*DIRECTIONS FOR THIS TASK*
Only those lines in the data below from the line containing "Context: $D(\cdot\|\cdot)$ is" through the line containing "prod_list (map P", both included, should be restated word for word.

[[ LISTED RECORDS open ]]

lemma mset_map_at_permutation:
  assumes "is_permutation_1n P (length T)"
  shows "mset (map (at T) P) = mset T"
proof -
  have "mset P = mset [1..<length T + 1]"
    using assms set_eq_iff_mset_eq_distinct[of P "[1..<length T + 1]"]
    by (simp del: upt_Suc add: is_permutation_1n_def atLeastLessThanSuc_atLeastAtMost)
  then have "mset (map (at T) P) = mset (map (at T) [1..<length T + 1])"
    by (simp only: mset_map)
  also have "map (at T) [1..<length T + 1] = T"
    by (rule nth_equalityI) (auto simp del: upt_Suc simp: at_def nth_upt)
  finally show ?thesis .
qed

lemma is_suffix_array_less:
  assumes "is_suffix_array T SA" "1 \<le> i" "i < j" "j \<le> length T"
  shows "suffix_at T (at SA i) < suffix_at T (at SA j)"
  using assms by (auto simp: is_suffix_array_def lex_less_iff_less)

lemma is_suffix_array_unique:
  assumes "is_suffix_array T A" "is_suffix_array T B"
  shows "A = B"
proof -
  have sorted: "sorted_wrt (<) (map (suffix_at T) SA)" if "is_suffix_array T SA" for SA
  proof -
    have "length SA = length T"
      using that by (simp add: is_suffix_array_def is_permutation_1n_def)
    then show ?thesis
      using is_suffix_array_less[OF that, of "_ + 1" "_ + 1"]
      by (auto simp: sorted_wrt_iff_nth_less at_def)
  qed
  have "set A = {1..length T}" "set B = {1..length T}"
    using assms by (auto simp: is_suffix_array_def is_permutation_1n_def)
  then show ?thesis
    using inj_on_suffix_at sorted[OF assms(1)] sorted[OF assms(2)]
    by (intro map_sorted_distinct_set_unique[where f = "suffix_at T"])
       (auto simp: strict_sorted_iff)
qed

[[ LISTED RECORDS closed ]]
[[ LISTED RECORDS open ]]

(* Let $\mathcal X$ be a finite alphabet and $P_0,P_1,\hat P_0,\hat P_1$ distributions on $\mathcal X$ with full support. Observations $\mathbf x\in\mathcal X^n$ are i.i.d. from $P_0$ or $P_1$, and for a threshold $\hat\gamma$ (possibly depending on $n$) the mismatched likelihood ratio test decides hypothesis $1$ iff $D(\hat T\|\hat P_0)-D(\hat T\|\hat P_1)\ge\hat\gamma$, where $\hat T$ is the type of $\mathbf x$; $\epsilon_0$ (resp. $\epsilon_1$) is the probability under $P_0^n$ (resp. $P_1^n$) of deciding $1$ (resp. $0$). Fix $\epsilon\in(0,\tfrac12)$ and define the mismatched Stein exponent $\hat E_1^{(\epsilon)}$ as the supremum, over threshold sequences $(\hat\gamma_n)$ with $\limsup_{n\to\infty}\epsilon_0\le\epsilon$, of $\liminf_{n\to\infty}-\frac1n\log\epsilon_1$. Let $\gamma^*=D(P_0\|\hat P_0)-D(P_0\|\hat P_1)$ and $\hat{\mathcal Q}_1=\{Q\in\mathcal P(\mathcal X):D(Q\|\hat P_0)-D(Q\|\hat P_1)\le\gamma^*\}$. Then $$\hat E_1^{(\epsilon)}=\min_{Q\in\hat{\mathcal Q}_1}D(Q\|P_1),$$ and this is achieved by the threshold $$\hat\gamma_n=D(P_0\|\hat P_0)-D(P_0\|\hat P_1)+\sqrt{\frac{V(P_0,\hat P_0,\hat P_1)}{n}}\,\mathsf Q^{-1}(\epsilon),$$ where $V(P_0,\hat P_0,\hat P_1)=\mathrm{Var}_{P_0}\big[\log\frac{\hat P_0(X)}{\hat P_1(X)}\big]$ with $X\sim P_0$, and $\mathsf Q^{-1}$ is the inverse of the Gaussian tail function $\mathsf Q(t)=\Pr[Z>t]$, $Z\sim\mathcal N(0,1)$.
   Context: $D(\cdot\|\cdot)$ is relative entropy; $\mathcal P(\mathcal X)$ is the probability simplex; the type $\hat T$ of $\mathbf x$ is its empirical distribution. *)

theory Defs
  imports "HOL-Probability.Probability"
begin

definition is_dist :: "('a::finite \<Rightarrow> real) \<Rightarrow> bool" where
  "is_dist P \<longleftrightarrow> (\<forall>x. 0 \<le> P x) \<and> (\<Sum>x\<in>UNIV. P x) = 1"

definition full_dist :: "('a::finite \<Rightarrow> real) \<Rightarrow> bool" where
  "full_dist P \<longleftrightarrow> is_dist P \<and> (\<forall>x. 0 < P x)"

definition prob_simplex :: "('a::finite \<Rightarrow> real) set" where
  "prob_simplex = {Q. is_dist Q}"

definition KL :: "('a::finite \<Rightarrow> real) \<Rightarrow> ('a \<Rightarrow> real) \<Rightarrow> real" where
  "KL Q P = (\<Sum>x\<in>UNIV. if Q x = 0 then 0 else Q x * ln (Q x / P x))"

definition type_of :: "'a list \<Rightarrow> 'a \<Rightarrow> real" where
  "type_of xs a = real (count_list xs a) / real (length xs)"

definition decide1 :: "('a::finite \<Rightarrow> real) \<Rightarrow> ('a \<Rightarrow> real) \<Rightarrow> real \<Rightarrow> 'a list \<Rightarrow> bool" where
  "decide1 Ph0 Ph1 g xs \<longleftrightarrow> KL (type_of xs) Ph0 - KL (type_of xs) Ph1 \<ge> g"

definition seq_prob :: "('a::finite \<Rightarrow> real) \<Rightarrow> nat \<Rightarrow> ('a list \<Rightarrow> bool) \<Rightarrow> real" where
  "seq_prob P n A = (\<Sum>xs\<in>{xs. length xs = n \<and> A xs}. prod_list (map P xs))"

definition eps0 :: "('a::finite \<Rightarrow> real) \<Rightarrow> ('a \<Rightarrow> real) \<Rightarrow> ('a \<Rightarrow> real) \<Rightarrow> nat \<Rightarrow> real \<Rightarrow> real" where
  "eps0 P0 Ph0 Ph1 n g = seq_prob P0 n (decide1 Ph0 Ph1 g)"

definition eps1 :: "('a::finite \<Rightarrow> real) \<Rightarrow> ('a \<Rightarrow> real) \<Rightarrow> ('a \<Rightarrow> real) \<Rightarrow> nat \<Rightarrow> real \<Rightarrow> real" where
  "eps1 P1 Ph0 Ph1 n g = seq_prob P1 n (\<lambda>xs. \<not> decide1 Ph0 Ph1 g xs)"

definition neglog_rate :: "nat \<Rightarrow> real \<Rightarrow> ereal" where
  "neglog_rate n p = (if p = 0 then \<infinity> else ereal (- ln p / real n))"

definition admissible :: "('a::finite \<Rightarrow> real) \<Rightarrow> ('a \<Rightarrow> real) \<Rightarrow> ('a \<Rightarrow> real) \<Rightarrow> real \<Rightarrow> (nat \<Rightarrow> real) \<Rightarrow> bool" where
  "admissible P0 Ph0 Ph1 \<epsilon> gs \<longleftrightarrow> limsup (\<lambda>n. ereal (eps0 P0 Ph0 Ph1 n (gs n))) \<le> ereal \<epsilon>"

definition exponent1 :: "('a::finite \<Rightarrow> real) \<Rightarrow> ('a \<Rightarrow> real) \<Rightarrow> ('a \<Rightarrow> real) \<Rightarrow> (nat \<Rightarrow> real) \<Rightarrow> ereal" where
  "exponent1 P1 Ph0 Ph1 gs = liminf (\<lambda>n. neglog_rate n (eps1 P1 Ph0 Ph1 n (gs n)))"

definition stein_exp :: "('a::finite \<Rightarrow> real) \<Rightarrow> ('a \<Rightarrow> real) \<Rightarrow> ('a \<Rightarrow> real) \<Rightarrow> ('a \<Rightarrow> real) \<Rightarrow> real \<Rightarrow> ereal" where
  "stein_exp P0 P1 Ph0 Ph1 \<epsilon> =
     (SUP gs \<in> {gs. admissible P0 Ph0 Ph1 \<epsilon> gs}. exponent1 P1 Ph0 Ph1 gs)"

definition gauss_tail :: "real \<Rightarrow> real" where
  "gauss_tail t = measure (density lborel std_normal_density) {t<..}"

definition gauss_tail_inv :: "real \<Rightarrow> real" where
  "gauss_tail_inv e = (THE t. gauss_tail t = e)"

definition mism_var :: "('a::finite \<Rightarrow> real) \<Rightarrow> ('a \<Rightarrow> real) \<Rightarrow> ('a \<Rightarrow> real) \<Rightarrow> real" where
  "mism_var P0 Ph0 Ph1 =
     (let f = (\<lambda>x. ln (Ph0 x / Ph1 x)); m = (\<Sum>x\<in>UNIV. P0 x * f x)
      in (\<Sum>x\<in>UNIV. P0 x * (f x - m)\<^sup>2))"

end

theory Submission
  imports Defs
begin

[[ LISTED RECORDS closed ]]

*SOLUTION TO THE PROBLEM*
   Context: $D(\cdot\|\cdot)$ is relative entropy; $\mathcal P(\mathcal X)$ is the probability simplex; the type $\hat T$ of $\mathbf x$ is its empirical distribution. *)

theory Defs
  imports "HOL-Probability.Probability"
begin

definition is_dist :: "('a::finite \<Rightarrow> real) \<Rightarrow> bool" where
  "is_dist P \<longleftrightarrow> (\<forall>x. 0 \<le> P x) \<and> (\<Sum>x\<in>UNIV. P x) = 1"

definition full_dist :: "('a::finite \<Rightarrow> real) \<Rightarrow> bool" where
  "full_dist P \<longleftrightarrow> is_dist P \<and> (\<forall>x. 0 < P x)"

definition prob_simplex :: "('a::finite \<Rightarrow> real) set" where
  "prob_simplex = {Q. is_dist Q}"

definition KL :: "('a::finite \<Rightarrow> real) \<Rightarrow> ('a \<Rightarrow> real) \<Rightarrow> real" where
  "KL Q P = (\<Sum>x\<in>UNIV. if Q x = 0 then 0 else Q x * ln (Q x / P x))"

definition type_of :: "'a list \<Rightarrow> 'a \<Rightarrow> real" where
  "type_of xs a = real (count_list xs a) / real (length xs)"

definition decide1 :: "('a::finite \<Rightarrow> real) \<Rightarrow> ('a \<Rightarrow> real) \<Rightarrow> real \<Rightarrow> 'a list \<Rightarrow> bool" where
  "decide1 Ph0 Ph1 g xs \<longleftrightarrow> KL (type_of xs) Ph0 - KL (type_of xs) Ph1 \<ge> g"

definition seq_prob :: "('a::finite \<Rightarrow> real) \<Rightarrow> nat \<Rightarrow> ('a list \<Rightarrow> bool) \<Rightarrow> real" where
  "seq_prob P n A = (\<Sum>xs\<in>{xs. length xs = n \<and> A xs}. prod_list (map P xs))"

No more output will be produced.